Source data:

lemma int_mat_invertible_if_surjective:
  assumes B: "B \<in> carrier_mat n n"
    and surj: "\<And>k. k < n \<Longrightarrow> \<exists>c. length c = n \<and> mat_apply B c = unit_list n k"
  shows "\<exists>C \<in> carrier_mat n n. C * B = 1\<^sub>m n \<and> B * C = 1\<^sub>m n"
proof -
  obtain c where c: "\<And>k. k < n \<Longrightarrow> length (c k) = n \<and> mat_apply B (c k) = unit_list n k"
    using surj by metis
  define C where "C = mat_of_cols n (map (\<lambda>k. vec_of_list (c k)) [0..<n])"
  have C: "C \<in> carrier_mat n n"
    using mat_of_cols_carrier(1)[of n "map (\<lambda>k. vec_of_list (c k)) [0..<n]"] by (simp add: C_def)
  have "B * C = 1\<^sub>m n"
  proof (rule mat_col_eqI)
    fix k assume "k < dim_col (1\<^sub>m n :: int mat)"
    then have k: "k < n" by simp
    have "col (B * C) k = B *\<^sub>v vec_of_list (c k)"
      using B C k c[OF k] by (simp add: col_mult2 C_def col_mat_of_cols carrier_vecI)
    also have "\<dots> = vec_of_list (mat_apply B (c k))"
      by (simp add: mat_apply_def vec_list)
    also have "\<dots> = col (1\<^sub>m n) k"
      using c[OF k] k by (simp add: vec_of_list_unit_list col_one)
    finally show "col (B * C) k = col (1\<^sub>m n) k" .
  qed (use B C in auto)
  then show ?thesis
    using int_mat_left_inverse_if_right_inverse[OF B C] C by blast
qed

lemma int_lists_generated_by_unit_lists:
  assumes zero: "replicate n 0 \<in> L"
    and add: "\<And>v w. v \<in> L \<Longrightarrow> w \<in> L \<Longrightarrow> map2 (+) v w \<in> L"
    and neg: "\<And>v. v \<in> L \<Longrightarrow> map uminus v \<in> L"
    and unit: "\<And>k. k < n \<Longrightarrow> unit_list n k \<in> L"
    and "length v = n"
  shows "v \<in> L"
proof -
  have multiple: "map (\<lambda>i. if i = k then c else 0) [0..<n] \<in> L" if k: "k < n" for k c
  proof (induction c rule: int_induct[where k = 0])
    case base
    then show ?case using zero by (simp add: map_replicate_const)
  next
    case (step1 c)
    have "map2 (+) (map (\<lambda>i. if i = k then c else 0) [0..<n]) (unit_list n k)
        = map (\<lambda>i. if i = k then c + 1 else 0) [0..<n]"
      by (auto simp: unit_list_def intro!: nth_equalityI)
    then show ?case using add[OF step1(2) unit[OF k]] by simp
  next
    case (step2 c)
    have "map2 (+) (map (\<lambda>i. if i = k then c else 0) [0..<n]) (map uminus (unit_list n k))
        = map (\<lambda>i. if i = k then c - 1 else 0) [0..<n]"
      by (auto simp: unit_list_def intro!: nth_equalityI)
    then show ?case using add[OF step2(2) neg[OF unit[OF k]]] by simp
  qed
  have "map (\<lambda>i. if i < t then v ! i else 0) [0..<n] \<in> L" if "t \<le> n" for t
    using that
  proof (induction t)
    case 0
    then show ?case using zero by (simp add: map_replicate_const)
  next
    case (Suc t)
    have "map2 (+) (map (\<lambda>i. if i < t then v ! i else 0) [0..<n])
        (map (\<lambda>i. if i = t then v ! t else 0) [0..<n])
        = map (\<lambda>i. if i < Suc t then v ! i else 0) [0..<n]"
      by (auto intro!: nth_equalityI)
    moreover have "t < n" using Suc.prems by simp
    ultimately show ?case using add[OF Suc.IH multiple[of t "v ! t"]] by simp
  qed
  moreover have "map (\<lambda>i. if i < n then v ! i else 0) [0..<n] = v"
    using assms(5) by (intro nth_equalityI) auto
  ultimately show ?thesis by fastforce
qed

section \<open>The semidirect product and its automorphisms\<close>

lemma carrier_semidir_G: "carrier (semidir_G m) = {(v, e). length v = m - 1}"
  by (simp add: semidir_G_def)

lemma mult_semidir_G:
  "x \<otimes>\<^bsub>semidir_G m\<^esub> y =
     (map2 (+) (fst x) (if snd x then map uminus (fst y) else fst y), snd x \<noteq> snd y)"
  by (simp add: semidir_G_def)

lemma one_semidir_G: "\<one>\<^bsub>semidir_G m\<^esub> = (replicate (m - 1) 0, False)"
  by (simp add: semidir_G_def)

lemmas semidir_G_simps = carrier_semidir_G mult_semidir_G one_semidir_G

lemma group_semidir_G: "group (semidir_G m)"
proof (rule groupI)
  fix x y z
  assume "x \<in> carrier (semidir_G m)" "y \<in> carrier (semidir_G m)" "z \<in> carrier (semidir_G m)"
  then show "x \<otimes>\<^bsub>semidir_G m\<^esub> y \<otimes>\<^bsub>semidir_G m\<^esub> z =
      x \<otimes>\<^bsub>semidir_G m\<^esub> (y \<otimes>\<^bsub>semidir_G m\<^esub> z)"
    by (cases x; cases y; cases z) (auto simp: semidir_G_simps intro!: nth_equalityI)
next
  fix x assume "x \<in> carrier (semidir_G m)"
  then show "\<one>\<^bsub>semidir_G m\<^esub> \<otimes>\<^bsub>semidir_G m\<^esub> x = x"
    by (cases x) (auto simp: semidir_G_simps intro!: nth_equalityI)
next
  fix x assume "x \<in> carrier (semidir_G m)"
  then show "\<exists>y \<in> carrier (semidir_G m). y \<otimes>\<^bsub>semidir_G m\<^esub> x = \<one>\<^bsub>semidir_G m\<^esub>"
    by (intro bexI[of _ "(if snd x then fst x else map uminus (fst x), snd x)"])
       (auto simp: semidir_G_simps intro!: nth_equalityI)
qed (auto simp: semidir_G_simps)
lemma complement_distance_eq:
  fixes d :: "'a \<Rightarrow> 'a \<Rightarrow> 'b::comm_ring_1"
  assumes br: "boolean_ring TYPE('b)" and bm: "bool_metric_space X d"
    and X: "x \<in> X" "y \<in> X" "z \<in> X"
  shows "(1 - d x y) * d x z = (1 - d x y) * d y z"
proof (rule mutual_join_bounds[OF br])
  show "ble (d x z) (bjoin (d x y) (d y z))"
    using bm X by (simp add: bool_metric_space_def)
  have "ble (d y z) (bjoin (d y x) (d x z))"
    using bm X unfolding bool_metric_space_def by blast
  thus "ble (d y z) (bjoin (d x y) (d x z))" using bool_metric_sym[OF bm X(1,2)] by simp
qed

lemma contractive_annihilator:
  assumes "contractive_to_B X d f" and "x \<in> X" "y \<in> X" "f y = 0" and "a * d x y = 0"
  shows "a * f x = 0"
  using assms ble_annihilator unfolding contractive_to_B_def by fastforce

definition has_convex_combinations :: "'a set \<Rightarrow> ('a \<Rightarrow> 'a \<Rightarrow> 'b::comm_ring_1) \<Rightarrow> bool" where
  "has_convex_combinations X d \<longleftrightarrow>
     (\<forall>n xs (a::nat \<Rightarrow> 'b). (\<forall>i<n. xs i \<in> X) \<and> disjoint_partition_unity n a \<longrightarrow>
        (\<exists>x\<in>X. convex_comb d x n xs a))"

definition generated_by :: "'a set \<Rightarrow> 'a set \<Rightarrow> ('a \<Rightarrow> 'a \<Rightarrow> 'b::comm_ring_1) \<Rightarrow> bool" where
  "generated_by S X d \<longleftrightarrow>
     (\<forall>x\<in>X. \<exists>n xs (a::nat \<Rightarrow> 'b). (\<forall>i<n. xs i \<in> S) \<and> disjoint_partition_unity n a \<and>
        convex_comb d x n xs a)"

lemma has_convex_combinationsD:
  assumes "has_convex_combinations X d" and "\<forall>i<n. xs i \<in> X" and "disjoint_partition_unity n a"
  obtains x where "x \<in> X" and "convex_comb d x n xs a"
  using assms unfolding has_convex_combinations_def by blast

lemma generated_byD:
  assumes "generated_by S X d" and "x \<in> X"
  obtains n xs a where "\<forall>i<n. xs i \<in> S" and "disjoint_partition_unity n a"
    and "convex_comb d x n xs a"
  using assms unfolding generated_by_def by blast

lemma CFG_space_iff:
  "CFG_space X d \<longleftrightarrow> bool_metric_space X d \<and>
     (X = {} \<or> has_convex_combinations X d \<and> (\<exists>S. finite S \<and> S \<subseteq> X \<and> generated_by S X d))"
  unfolding CFG_space_def has_convex_combinations_def generated_by_def by blast

section \<open>Zero sets of contractive maps are CFG-spaces\<close>

lemma zero_set_has_convex_combinations:
  assumes comb: "has_convex_combinations X d" and f: "contractive_to_B X d f"
  shows "has_convex_combinations {x\<in>X. f x = 0} d"
  unfolding has_convex_combinations_def
proof (intro allI impI)
  fix n xs and a :: "nat \<Rightarrow> 'b"
  assume h: "(\<forall>i<n. xs i \<in> {x\<in>X. f x = 0}) \<and> disjoint_partition_unity n a"
  have "\<forall>i<n. xs i \<in> X" using h by blast
  then obtain x where x: "x \<in> X" "convex_comb d x n xs a"
    using h by (blast elim: has_convex_combinationsD[OF comb])
  have "f x = 0"
  proof (rule partition_annihilator_zero)
    show "disjoint_partition_unity n a" using h by blast
    fix i assume i: "i < n"
    show "a i * f x = 0"
    proof (rule contractive_annihilator[OF f x(1)])
      show "xs i \<in> X" "f (xs i) = 0" using h i by auto
      show "a i * d x (xs i) = 0" using x(2) i by (simp add: convex_comb_def)
    qed
  qed
  thus "\<exists>x\<in>{x\<in>X. f x = 0}. convex_comb d x n xs a" using x by blast
qed
(* Let $n$ be a positive integer, let $\hat y\in\mathbb{R}^n$ satisfy $\mathrm{rank}(\mathcal{H}_2(\hat y))=2$, and let $y^*$ be an optimal solution of $$\min_{y\in\mathbb{R}^n}\ \tfrac12\|y-\hat y\|^2\quad\text{s.t.}\quad\mathrm{rank}(\mathcal{H}_2(y))\le1.$$ Then $\mathrm{rank}(\mathcal{H}_2(y^* ))=1$.
   Context: For $x\in\mathbb{R}^n$, $\mathcal{H}_2(x)\in\mathbb{R}^{2\times(n-1)}$ is the Hankel matrix with $(i,j)$ entry $x(i+j-1)$, i.e. first row $(x(1),\dots,x(n-1))$ and second row $(x(2),\dots,x(n))$. *)

theory Defs
  imports "Jordan_Normal_Form.DL_Rank"
begin

text \<open>Vectors in R^n are JNF vectors of dimension n, indexed 0..n-1.
  The 2 x (n-1) Hankel matrix: entry (i,j) (0-based) is x(i+j),
  i.e. first row x(0..n-2), second row x(1..n-1).\<close>
definition hankel2 :: "real vec \<Rightarrow> real mat" where
  "hankel2 x = mat 2 (dim_vec x - 1) (\<lambda>(i, j). x $ (i + j))"

definition rank2 :: "real mat \<Rightarrow> nat" where
  "rank2 A = vec_space.rank 2 A"

definition obj :: "real vec \<Rightarrow> real vec \<Rightarrow> real" where
  "obj yhat y = (1/2) * (\<Sum>i<dim_vec y. (y $ i - yhat $ i)^2)"

end

theory Submission
  imports Defs "HOL-Analysis.Poly_Roots"
begin

text \<open>If the Hankel matrix of the optimum had rank 0, adding any multiple of a geometric
  vector \<open>(r^i)\<close> would keep the rank at most 1, so optimality forces the residual
  \<open>y* - yhat\<close> to be orthogonal to every geometric vector. The polynomial with the residual
  as coefficients then vanishes identically, so \<open>y* = yhat\<close>, contradicting rank 2.\<close>

lemma hankel2_carrier: "hankel2 x \<in> carrier_mat 2 (dim_vec x - 1)"
  unfolding hankel2_def by simp

lemma hankel2_add:
  assumes "dim_vec a = dim_vec b"
  shows "hankel2 (a + b) = hankel2 a + hankel2 b"
  unfolding hankel2_def using assms by (intro eq_matI) auto

lemma rank2_hankel2_add_le:
  assumes "dim_vec a = dim_vec b"
  shows "rank2 (hankel2 (a + b)) \<le> rank2 (hankel2 a) + rank2 (hankel2 b)"
  unfolding rank2_def hankel2_add[OF assms]
  using vec_space.rank_subadditive hankel2_carrier[of a] hankel2_carrier[of b] assms
  by metis

lemma rank2_hankel2_geometric_le_1:
  fixes c r :: real
  shows "rank2 (hankel2 (vec n (\<lambda>i. c * r ^ i))) \<le> 1"
  unfolding rank2_def
proof (rule vec_space.rank_le_1_product_entries[where f = "\<lambda>i. c * r ^ i" and g = "\<lambda>j. r ^ j"])
  show "hankel2 (vec n (\<lambda>i. c * r ^ i)) \<in> carrier_mat 2 (n - 1)"
    using hankel2_carrier[of "vec n (\<lambda>i. c * r ^ i)"] by simp
next
  fix i j
  assume "i < dim_row (hankel2 (vec n (\<lambda>i. c * r ^ i)))"
    and "j < dim_col (hankel2 (vec n (\<lambda>i. c * r ^ i)))"
  then show "hankel2 (vec n (\<lambda>i. c * r ^ i)) $$ (i, j) = c * r ^ i * r ^ j"
    unfolding hankel2_def by (auto simp: power_add)
qed

lemma obj_add_vec:
  assumes "dim_vec v = dim_vec y"
  shows "obj yhat (y + v) = (1/2) * (\<Sum>i<dim_vec y. (y $ i - yhat $ i + v $ i)^2)"
  unfolding obj_def using assms by (simp add: algebra_simps)

lemma sum_mult_eq_0_if_line_minimal:
  fixes d g :: "'a \<Rightarrow> real"
  assumes "finite A"
    and minimal: "\<And>c. (\<Sum>i\<in>A. (d i)^2) \<le> (\<Sum>i\<in>A. (d i + c * g i)^2)"
  shows "(\<Sum>i\<in>A. d i * g i) = 0"
proof -
  define B where "B = (\<Sum>i\<in>A. d i * g i)"
  define G where "G = (\<Sum>i\<in>A. (g i)^2)"
  have expand: "(\<Sum>i\<in>A. (d i + c * g i)^2) = (\<Sum>i\<in>A. (d i)^2) + 2 * c * B + c^2 * G" for c
    unfolding B_def G_def
    by (simp add: power2_sum power_mult_distrib sum.distrib sum_distrib_left algebra_simps)
  show ?thesis
  proof (cases "G = 0")
    case True
    then have "\<forall>i\<in>A. g i = 0"
      using sum_nonneg_eq_0_iff[OF \<open>finite A\<close>, of "\<lambda>i. (g i)^2"] unfolding G_def by simp
    then show ?thesis by simp
  next
    case False
    then have "G > 0" unfolding G_def by (simp add: order_le_neq_trans sum_nonneg)
    have "0 \<le> 2 * (- B / G) * B + (- B / G)^2 * G"
      using minimal[of "- B / G"] unfolding expand by simp
    also have "\<dots> = - (B^2 / G)"
      using \<open>G > 0\<close> by (simp add: field_simps power2_eq_square)
    finally have "B^2 \<le> 0"
      using \<open>G > 0\<close> by (simp add: divide_le_0_iff)
    then show ?thesis unfolding B_def by simp
  qed
qed

lemma polyfun_lessThan_eq_0:
  fixes d :: "nat \<Rightarrow> real"
  assumes "\<And>r. (\<Sum>i<n. d i * r ^ i) = 0" and "k < n"
  shows "d k = 0"
proof -
  have "{..<n} = {..n - 1}" using \<open>k < n\<close> by auto
  then have "\<forall>r. (\<Sum>i\<le>n - 1. d i * r ^ i) = 0" using assms(1) by simp
  then show ?thesis using polyfun_eq_0[of d "n - 1"] \<open>k < n\<close> by simp
qed

theorem proposition4p7:
  fixes n :: nat and yhat ystar :: "real vec"
  assumes "n > 0"
    and "yhat \<in> carrier_vec n"
    and "rank2 (hankel2 yhat) = 2"
    and "ystar \<in> carrier_vec n"
    and "rank2 (hankel2 ystar) \<le> 1"
    and "\<forall>y \<in> carrier_vec n. rank2 (hankel2 y) \<le> 1 \<longrightarrow> obj yhat ystar \<le> obj yhat y"
  shows "rank2 (hankel2 ystar) = 1"
proof (rule ccontr)
  assume "rank2 (hankel2 ystar) \<noteq> 1"
  with assms(5) have rank0: "rank2 (hankel2 ystar) = 0" by simp
  define d where "d i = ystar $ i - yhat $ i" for i
  have dim_ystar: "dim_vec ystar = n" using assms(4) by simp
  have "(\<Sum>i<n. d i * r ^ i) = 0" for r :: real
  proof (rule sum_mult_eq_0_if_line_minimal)
    fix c :: real
    let ?y = "ystar + vec n (\<lambda>i. c * r ^ i)"
    have "rank2 (hankel2 ?y) \<le> 1"
      using rank2_hankel2_add_le[of ystar "vec n (\<lambda>i. c * r ^ i)"]
        rank2_hankel2_geometric_le_1[of n c r] rank0 dim_ystar
      by simp
    then have "obj yhat ystar \<le> obj yhat ?y" using assms(4,6) by simp
    then show "(\<Sum>i<n. (d i)^2) \<le> (\<Sum>i<n. (d i + c * r ^ i)^2)"
      using obj_add_vec[of "vec n (\<lambda>i. c * r ^ i)" ystar yhat] dim_ystar
      unfolding obj_def d_def by simp
  qed simp
  then have "d i = 0" if "i < n" for i
    using polyfun_lessThan_eq_0 that by blast
  then have "ystar = yhat"
    using assms(2,4) unfolding d_def by (intro eq_vecI) auto
  then show False using assms(3) rank0 by simp
qed

end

Aim of the exercise: Please make an exact copy of the lines above from the line with "h i by auto" through the line with "unfolding hankel2_def by simp", both ends included.

Task output:
      show "xs i \<in> X" "f (xs i) = 0" using h i by auto
      show "a i * d x (xs i) = 0" using x(2) i by (simp add: convex_comb_def)
    qed
  qed
  thus "\<exists>x\<in>{x\<in>X. f x = 0}. convex_comb d x n xs a" using x by blast
qed
(* Let $n$ be a positive integer, let $\hat y\in\mathbb{R}^n$ satisfy $\mathrm{rank}(\mathcal{H}_2(\hat y))=2$, and let $y^*$ be an optimal solution of $$\min_{y\in\mathbb{R}^n}\ \tfrac12\|y-\hat y\|^2\quad\text{s.t.}\quad\mathrm{rank}(\mathcal{H}_2(y))\le1.$$ Then $\mathrm{rank}(\mathcal{H}_2(y^* ))=1$.
   Context: For $x\in\mathbb{R}^n$, $\mathcal{H}_2(x)\in\mathbb{R}^{2\times(n-1)}$ is the Hankel matrix with $(i,j)$ entry $x(i+j-1)$, i.e. first row $(x(1),\dots,x(n-1))$ and second row $(x(2),\dots,x(n))$. *)

theory Defs
  imports "Jordan_Normal_Form.DL_Rank"
begin

text \<open>Vectors in R^n are JNF vectors of dimension n, indexed 0..n-1.
  The 2 x (n-1) Hankel matrix: entry (i,j) (0-based) is x(i+j),
  i.e. first row x(0..n-2), second row x(1..n-1).\<close>
definition hankel2 :: "real vec \<Rightarrow> real mat" where
  "hankel2 x = mat 2 (dim_vec x - 1) (\<lambda>(i, j). x $ (i + j))"

definition rank2 :: "real mat \<Rightarrow> nat" where
  "rank2 A = vec_space.rank 2 A"

definition obj :: "real vec \<Rightarrow> real vec \<Rightarrow> real" where
  "obj yhat y = (1/2) * (\<Sum>i<dim_vec y. (y $ i - yhat $ i)^2)"

end

theory Submission
  imports Defs "HOL-Analysis.Poly_Roots"
begin

text \<open>If the Hankel matrix of the optimum had rank 0, adding any multiple of a geometric
  vector \<open>(r^i)\<close> would keep the rank at most 1, so optimality forces the residual
  \<open>y* - yhat\<close> to be orthogonal to every geometric vector. The polynomial with the residual
  as coefficients then vanishes identically, so \<open>y* = yhat\<close>, contradicting rank 2.\<close>

lemma hankel2_carrier: "hankel2 x \<in> carrier_mat 2 (dim_vec x - 1)"
  unfolding hankel2_def by simp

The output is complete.